◆ **Dataset entries**:
• • • • •

(* Let $G\in\mathcal{C}$ and let $C$ be a minimal separator of $G$ that is not a clique. Then $G\setminus C$ has exactly two full components for $C$.
   Context: All graphs are finite and simple; paths are induced paths; a hole is an induced cycle of length at least four. $\mathcal{C}$ is the class of graphs containing no theta, pyramid, prism or turtle as an induced subgraph, where: a theta consists of two nonadjacent vertices $a,b$ and three paths from $a$ to $b$, otherwise vertex-disjoint, any two of which induce a hole; a pyramid consists of a vertex $a$, a triangle $\{b_1,b_2,b_3\}$ and paths $P_i$ from $a$ to $b_i$, pairwise disjoint except at $a$, any two of which induce a hole; a prism consists of two disjoint triangles $\{a_1,a_2,a_3\},\{b_1,b_2,b_3\}$ and pairwise disjoint paths $P_i$ from $a_i$ to $b_i$, any two of which induce a hole; a turtle consists of disjoint paths $P_1$ (from $a_1$ to $b_1$), $P_2$ (from $a_2$ to $b_2$) with $a_1a_2,b_1b_2$ edges and $V(P_1)\cup V(P_2)$ inducing a hole, plus adjacent vertices $x,y$ where $x$ has at least three neighbors in $P_1$ and none in $P_2$, and $y$ has at least three neighbors in $P_2$ and none in $P_1$. A set $C\subseteq V(G)$ is a minimal separator of $G$ if there are two distinct connected components $L,R$ of $G\setminus C$ with $N(L)=N(R)=C$, where $N(X)$ is the set of vertices outside $X$ with a neighbor in $X$. A connected component $D$ of $G\setminus C$ is a full component for $C$ if $N(D)=C$. *)

theory Defs
  imports Main
begin

definition graph :: "'a set \<Rightarrow> ('a \<Rightarrow> 'a \<Rightarrow> bool) \<Rightarrow> bool" where
  "graph V E \<longleftrightarrow> finite V \<and> (\<forall>u v. E u v \<longrightarrow> u \<in> V \<and> v \<in> V)
     \<and> (\<forall>u v. E u v \<longrightarrow> E v u) \<and> (\<forall>u. \<not> E u u)"

definition ind_path :: "'a set \<Rightarrow> ('a \<Rightarrow> 'a \<Rightarrow> bool) \<Rightarrow> 'a list \<Rightarrow> 'a \<Rightarrow> 'a \<Rightarrow> bool" where
  "ind_path V E p a b \<longleftrightarrow> p \<noteq> [] \<and> distinct p \<and> set p \<subseteq> V \<and> hd p = a \<and> last p = b
     \<and> (\<forall>i<length p. \<forall>j<length p. E (p ! i) (p ! j) \<longleftrightarrow> (j = i + 1 \<or> i = j + 1))"

definition is_hole :: "'a set \<Rightarrow> ('a \<Rightarrow> 'a \<Rightarrow> bool) \<Rightarrow> 'a set \<Rightarrow> bool" where
  "is_hole V E H \<longleftrightarrow> (\<exists>c. distinct c \<and> set c = H \<and> H \<subseteq> V \<and> length c \<ge> 4
     \<and> (\<forall>i<length c. \<forall>j<length c.
          E (c ! i) (c ! j) \<longleftrightarrow> (j = (i + 1) mod length c \<or> i = (j + 1) mod length c)))"

definition has_theta :: "'a set \<Rightarrow> ('a \<Rightarrow> 'a \<Rightarrow> bool) \<Rightarrow> bool" where
  "has_theta V E \<longleftrightarrow> (\<exists>a b P1 P2 P3. a \<noteq> b \<and> \<not> E a b
     \<and> ind_path V E P1 a b \<and> ind_path V E P2 a b \<and> ind_path V E P3 a b
     \<and> set P1 \<inter> set P2 = {a, b} \<and> set P1 \<inter> set P3 = {a, b} \<and> set P2 \<inter> set P3 = {a, b}
     \<and> is_hole V E (set P1 \<union> set P2) \<and> is_hole V E (set P1 \<union> set P3)
     \<and> is_hole V E (set P2 \<union> set P3))"

definition has_pyramid :: "'a set \<Rightarrow> ('a \<Rightarrow> 'a \<Rightarrow> bool) \<Rightarrow> bool" where
  "has_pyramid V E \<longleftrightarrow> (\<exists>a b1 b2 b3 P1 P2 P3.
     b1 \<noteq> b2 \<and> b1 \<noteq> b3 \<and> b2 \<noteq> b3 \<and> E b1 b2 \<and> E b1 b3 \<and> E b2 b3
     \<and> ind_path V E P1 a b1 \<and> ind_path V E P2 a b2 \<and> ind_path V E P3 a b3
     \<and> set P1 \<inter> set P2 = {a} \<and> set P1 \<inter> set P3 = {a} \<and> set P2 \<inter> set P3 = {a}
     \<and> is_hole V E (set P1 \<union> set P2) \<and> is_hole V E (set P1 \<union> set P3)
     \<and> is_hole V E (set P2 \<union> set P3))"

definition has_prism :: "'a set \<Rightarrow> ('a \<Rightarrow> 'a \<Rightarrow> bool) \<Rightarrow> bool" where
  "has_prism V E \<longleftrightarrow> (\<exists>a1 a2 a3 b1 b2 b3 P1 P2 P3.
     a1 \<noteq> a2 \<and> a1 \<noteq> a3 \<and> a2 \<noteq> a3 \<and> E a1 a2 \<and> E a1 a3 \<and> E a2 a3
     \<and> b1 \<noteq> b2 \<and> b1 \<noteq> b3 \<and> b2 \<noteq> b3 \<and> E b1 b2 \<and> E b1 b3 \<and> E b2 b3
     \<and> {a1, a2, a3} \<inter> {b1, b2, b3} = {}
     \<and> ind_path V E P1 a1 b1 \<and> ind_path V E P2 a2 b2 \<and> ind_path V E P3 a3 b3
     \<and> set P1 \<inter> set P2 = {} \<and> set P1 \<inter> set P3 = {} \<and> set P2 \<inter> set P3 = {}
     \<and> is_hole V E (set P1 \<union> set P2) \<and> is_hole V E (set P1 \<union> set P3)
     \<and> is_hole V E (set P2 \<union> set P3))"

definition has_turtle :: "'a set \<Rightarrow> ('a \<Rightarrow> 'a \<Rightarrow> bool) \<Rightarrow> bool" where
  "has_turtle V E \<longleftrightarrow> (\<exists>a1 b1 a2 b2 P1 P2 x y.
     ind_path V E P1 a1 b1 \<and> ind_path V E P2 a2 b2 \<and> set P1 \<inter> set P2 = {}
     \<and> E a1 a2 \<and> E b1 b2 \<and> is_hole V E (set P1 \<union> set P2)
     \<and> x \<in> V \<and> y \<in> V \<and> x \<notin> set P1 \<union> set P2 \<and> y \<notin> set P1 \<union> set P2 \<and> E x y
     \<and> card {v \<in> set P1. E x v} \<ge> 3 \<and> (\<forall>v \<in> set P2. \<not> E x v)
     \<and> card {v \<in> set P2. E y v} \<ge> 3 \<and> (\<forall>v \<in> set P1. \<not> E y v))"

definition in_class_C :: "'a set \<Rightarrow> ('a \<Rightarrow> 'a \<Rightarrow> bool) \<Rightarrow> bool" where
  "in_class_C V E \<longleftrightarrow> graph V E \<and> \<not> has_theta V E \<and> \<not> has_pyramid V E
     \<and> \<not> has_prism V E \<and> \<not> has_turtle V E"

definition connected_set :: "('a \<Rightarrow> 'a \<Rightarrow> bool) \<Rightarrow> 'a set \<Rightarrow> bool" where
  "connected_set E S \<longleftrightarrow> S \<noteq> {} \<and>
     (\<forall>u\<in>S. \<forall>v\<in>S. (\<lambda>x y. x \<in> S \<and> y \<in> S \<and> E x y)\<^sup>*\<^sup>* u v)"

definition component :: "'a set \<Rightarrow> ('a \<Rightarrow> 'a \<Rightarrow> bool) \<Rightarrow> 'a set \<Rightarrow> 'a set \<Rightarrow> bool" where
  "component V E X D \<longleftrightarrow> D \<subseteq> V - X \<and> connected_set E D
     \<and> (\<forall>D'. D \<subseteq> D' \<and> D' \<subseteq> V - X \<and> connected_set E D' \<longrightarrow> D' = D)"

definition nbhd :: "'a set \<Rightarrow> ('a \<Rightarrow> 'a \<Rightarrow> bool) \<Rightarrow> 'a set \<Rightarrow> 'a set" where
  "nbhd V E X = {v \<in> V - X. \<exists>u\<in>X. E u v}"

definition minimal_separator :: "'a set \<Rightarrow> ('a \<Rightarrow> 'a \<Rightarrow> bool) \<Rightarrow> 'a set \<Rightarrow> bool" where
  "minimal_separator V E C \<longleftrightarrow> C \<subseteq> V \<and> (\<exists>L R. L \<noteq> R
     \<and> component V E C L \<and> component V E C R \<and> nbhd V E L = C \<and> nbhd V E R = C)"

definition full_component :: "'a set \<Rightarrow> ('a \<Rightarrow> 'a \<Rightarrow> bool) \<Rightarrow> 'a set \<Rightarrow> 'a set \<Rightarrow> bool" where
  "full_component V E C D \<longleftrightarrow> component V E C D \<and> nbhd V E D = C"

definition is_clique :: "('a \<Rightarrow> 'a \<Rightarrow> bool) \<Rightarrow> 'a set \<Rightarrow> bool" where
  "is_clique E K \<longleftrightarrow> (\<forall>u\<in>K. \<forall>v\<in>K. u \<noteq> v \<longrightarrow> E u v)"

end

theory Submission
  imports Defs
begin

text \<open>Fix two nonadjacent vertices a, b of C. Every full component D contains
  neighbours of both, hence an induced a--b path whose interior lies in D. Distinct
  components are disjoint and anticomplete, so the paths through any two full components
  share only their ends and together induce a hole. Three full components would therefore
  yield a theta; since the two components witnessing minimality are full, there are exactly two.\<close>

subsection \<open>Consecutive pairs of a list\<close>

fun adj_pairs :: "'a list \<Rightarrow> ('a \<times> 'a) set" where
  "adj_pairs (x # y # zs) = insert (x, y) (adj_pairs (y # zs))"
| "adj_pairs _ = {}"

lemma adj_pairs_Cons:
  "adj_pairs (x # xs) = (if xs = [] then {} else insert (x, hd xs) (adj_pairs xs))"
  by (cases xs) auto

lemma adj_pairs_append:
  "adj_pairs (xs @ ys) = adj_pairs xs \<union> adj_pairs ys
     \<union> (if xs \<noteq> [] \<and> ys \<noteq> [] then {(last xs, hd ys)} else {})"
  by (induction xs) (auto simp: adj_pairs_Cons)

lemma adj_pairs_rev: "adj_pairs (rev xs) = (adj_pairs xs)\<inverse>"
  by (induction xs) (auto simp: adj_pairs_Cons adj_pairs_append hd_rev last_rev)

lemma adj_pairs_conv_nth:
  "(x, y) \<in> adj_pairs xs \<longleftrightarrow> (\<exists>i. Suc i < length xs \<and> x = xs ! i \<and> y = xs ! Suc i)"
proof (induction xs rule: adj_pairs.induct)
  case (1 a b zs)
  have "(x, y) \<in> adj_pairs (a # b # zs) \<longleftrightarrow>
      (x = a \<and> y = b) \<or> (\<exists>i. Suc i < length (b # zs) \<and> x = (b # zs) ! i \<and> y = (b # zs) ! Suc i)"
    using "1.IH" by auto
  also have "\<dots> \<longleftrightarrow> (\<exists>i. Suc i < length (a # b # zs)
      \<and> x = (a # b # zs) ! i \<and> y = (a # b # zs) ! Suc i)"
    by (auto simp: less_Suc_eq_0_disj)
  finally show ?case .
qed auto

lemma adj_pairs_take: "adj_pairs (take k xs) \<subseteq> adj_pairs xs"
  and adj_pairs_drop: "adj_pairs (drop k xs) \<subseteq> adj_pairs xs"
  using adj_pairs_append[of "take k xs" "drop k xs"] by auto

lemma adj_pairs_cycle_iff:
  assumes "distinct c" and i: "i < length c" and j: "j < length c"
  shows "(c ! i, c ! j) \<in> adj_pairs (c @ [hd c]) \<longleftrightarrow> j = (i + 1) mod length c"
proof -
  let ?n = "length c"
  have at: "(c @ [hd c]) ! k = c ! k" if "k < ?n" for k
    using that by (simp add: nth_append)
  have at_Suc: "(c @ [hd c]) ! Suc k = c ! (Suc k mod ?n)" if "k < ?n" for k
  proof (cases "Suc k < ?n")
    case False
    then have "Suc k = ?n" using that by auto
    moreover have "c \<noteq> []" using that by auto
    ultimately show ?thesis by (simp add: nth_append hd_conv_nth)
  qed (simp add: nth_append)
  have "(c ! i, c ! j) \<in> adj_pairs (c @ [hd c]) \<longleftrightarrow>
      (\<exists>k<?n. c ! i = c ! k \<and> c ! j = c ! (Suc k mod ?n))"
    unfolding adj_pairs_conv_nth using at at_Suc by auto
  also have "\<dots> \<longleftrightarrow> j = (i + 1) mod ?n"
  proof -
    have "0 < ?n" using i by linarith
    then have "Suc k mod ?n < ?n" for k by simp
    then show ?thesis using assms by (auto simp: nth_eq_iff_index_eq)
  qed
  finally show ?thesis .
qed

subsection \<open>Walks and induced paths\<close>

definition walk_through :: "('a \<Rightarrow> 'a \<Rightarrow> bool) \<Rightarrow> 'a set \<Rightarrow> 'a \<Rightarrow> 'a \<Rightarrow> 'a list \<Rightarrow> bool" where
  "walk_through E D a b p \<longleftrightarrow> p \<noteq> [] \<and> hd p = a \<and> last p = b \<and> set p \<subseteq> D \<union> {a, b}
     \<and> (\<forall>(x, y) \<in> adj_pairs p. E x y)"

lemma last_take_conv_nth: "0 < k \<Longrightarrow> k \<le> length p \<Longrightarrow> last (take k p) = p ! (k - 1)"
  by (metis Suc_diff_1 Suc_le_lessD last_snoc take_Suc_conv_app_nth)

lemma walk_through_shortcut:
  assumes w: "walk_through E D a b p" and k: "0 < k" "k \<le> j" "j < length p"
    and e: "E (p ! (k - 1)) (p ! j)"
  shows "walk_through E D a b (take k p @ drop j p)"
proof -
  have ne: "take k p \<noteq> []" "drop j p \<noteq> []" using k by auto
  have "last (take k p) = p ! (k - 1)" using k by (intro last_take_conv_nth) auto
  moreover have "hd (drop j p) = p ! j" using k by (simp add: hd_drop_conv_nth)
  ultimately have "adj_pairs (take k p @ drop j p) \<subseteq> adj_pairs p \<union> {(p ! (k - 1), p ! j)}"
    using adj_pairs_take[of k p] adj_pairs_drop[of j p] ne by (auto simp: adj_pairs_append)
  moreover have "set (take k p @ drop j p) \<subseteq> set p"
    using set_take_subset set_drop_subset by fastforce
  ultimately show ?thesis using w e k ne unfolding walk_through_def by (auto simp: hd_append)
qed

lemma shortest_walk_is_induced:
  assumes w: "walk_through E D a b p"
    and shortest: "\<And>q. walk_through E D a b q \<Longrightarrow> length p \<le> length q"
    and irrefl: "\<And>u. \<not> E u u" and sym: "\<And>u v. E u v \<Longrightarrow> E v u"
  shows "distinct p"
    and "\<forall>i<length p. \<forall>j<length p. E (p ! i) (p ! j) \<longleftrightarrow> (j = i + 1 \<or> i = j + 1)"
proof -
  have step: "E (p ! i) (p ! Suc i)" if "Suc i < length p" for i
  proof -
    have "(p ! i, p ! Suc i) \<in> adj_pairs p" unfolding adj_pairs_conv_nth using that by blast
    then show ?thesis using w unfolding walk_through_def by auto
  qed
  show "distinct p"
  proof (rule ccontr)
    assume "\<not> distinct p"
    then obtain i j where ij: "i < j" "j < length p" "p ! i = p ! j"
      by (metis distinct_conv_nth linorder_neqE_nat)
    have "walk_through E D a b (take i p @ drop j p)"
    proof (cases i)
      case 0
      then show ?thesis
        using w ij adj_pairs_drop[of j p] set_drop_subset[of j p] unfolding walk_through_def
        by (auto simp: hd_drop_conv_nth hd_conv_nth)
    next
      case (Suc i')
      then show ?thesis using walk_through_shortcut[OF w, of i j] step[of i'] ij by auto
    qed
    then show False using shortest[of "take i p @ drop j p"] ij by auto
  qed
  have chord_free: "j = i + 1" if "i < j" "j < length p" "E (p ! i) (p ! j)" for i j
  proof (rule ccontr)
    assume "j \<noteq> i + 1"
    then show False
      using walk_through_shortcut[OF w, of "Suc i" j] shortest[of "take (Suc i) p @ drop j p"] that
      by auto
  qed
  show "\<forall>i<length p. \<forall>j<length p. E (p ! i) (p ! j) \<longleftrightarrow> (j = i + 1 \<or> i = j + 1)"
  proof (intro allI impI iffI)
    fix i j assume "i < length p" "j < length p" "E (p ! i) (p ! j)"
    then show "j = i + 1 \<or> i = j + 1"
      using chord_free[of i j] chord_free[of j i] sym irrefl by (cases i j rule: linorder_cases) auto
  next
    fix i j assume "i < length p" "j < length p" "j = i + 1 \<or> i = j + 1"
    then show "E (p ! i) (p ! j)" using step sym by auto
  qed
qed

• • • • •

◆ **What is required**:
The lines to extract from the data above begin with the line containing "b q \<Longrightarrow>" and end with the line containing "then obtain i". Extract them exactly, including both.

◆ **Answer to this task**:
    and shortest: "\<And>q. walk_through E D a b q \<Longrightarrow> length p \<le> length q"
    and irrefl: "\<And>u. \<not> E u u" and sym: "\<And>u v. E u v \<Longrightarrow> E v u"
  shows "distinct p"
    and "\<forall>i<length p. \<forall>j<length p. E (p ! i) (p ! j) \<longleftrightarrow> (j = i + 1 \<or> i = j + 1)"
proof -
  have step: "E (p ! i) (p ! Suc i)" if "Suc i < length p" for i
  proof -
    have "(p ! i, p ! Suc i) \<in> adj_pairs p" unfolding adj_pairs_conv_nth using that by blast
    then show ?thesis using w unfolding walk_through_def by auto
  qed
  show "distinct p"
  proof (rule ccontr)
    assume "\<not> distinct p"
    then obtain i j where ij: "i < j" "j < length p" "p ! i = p ! j"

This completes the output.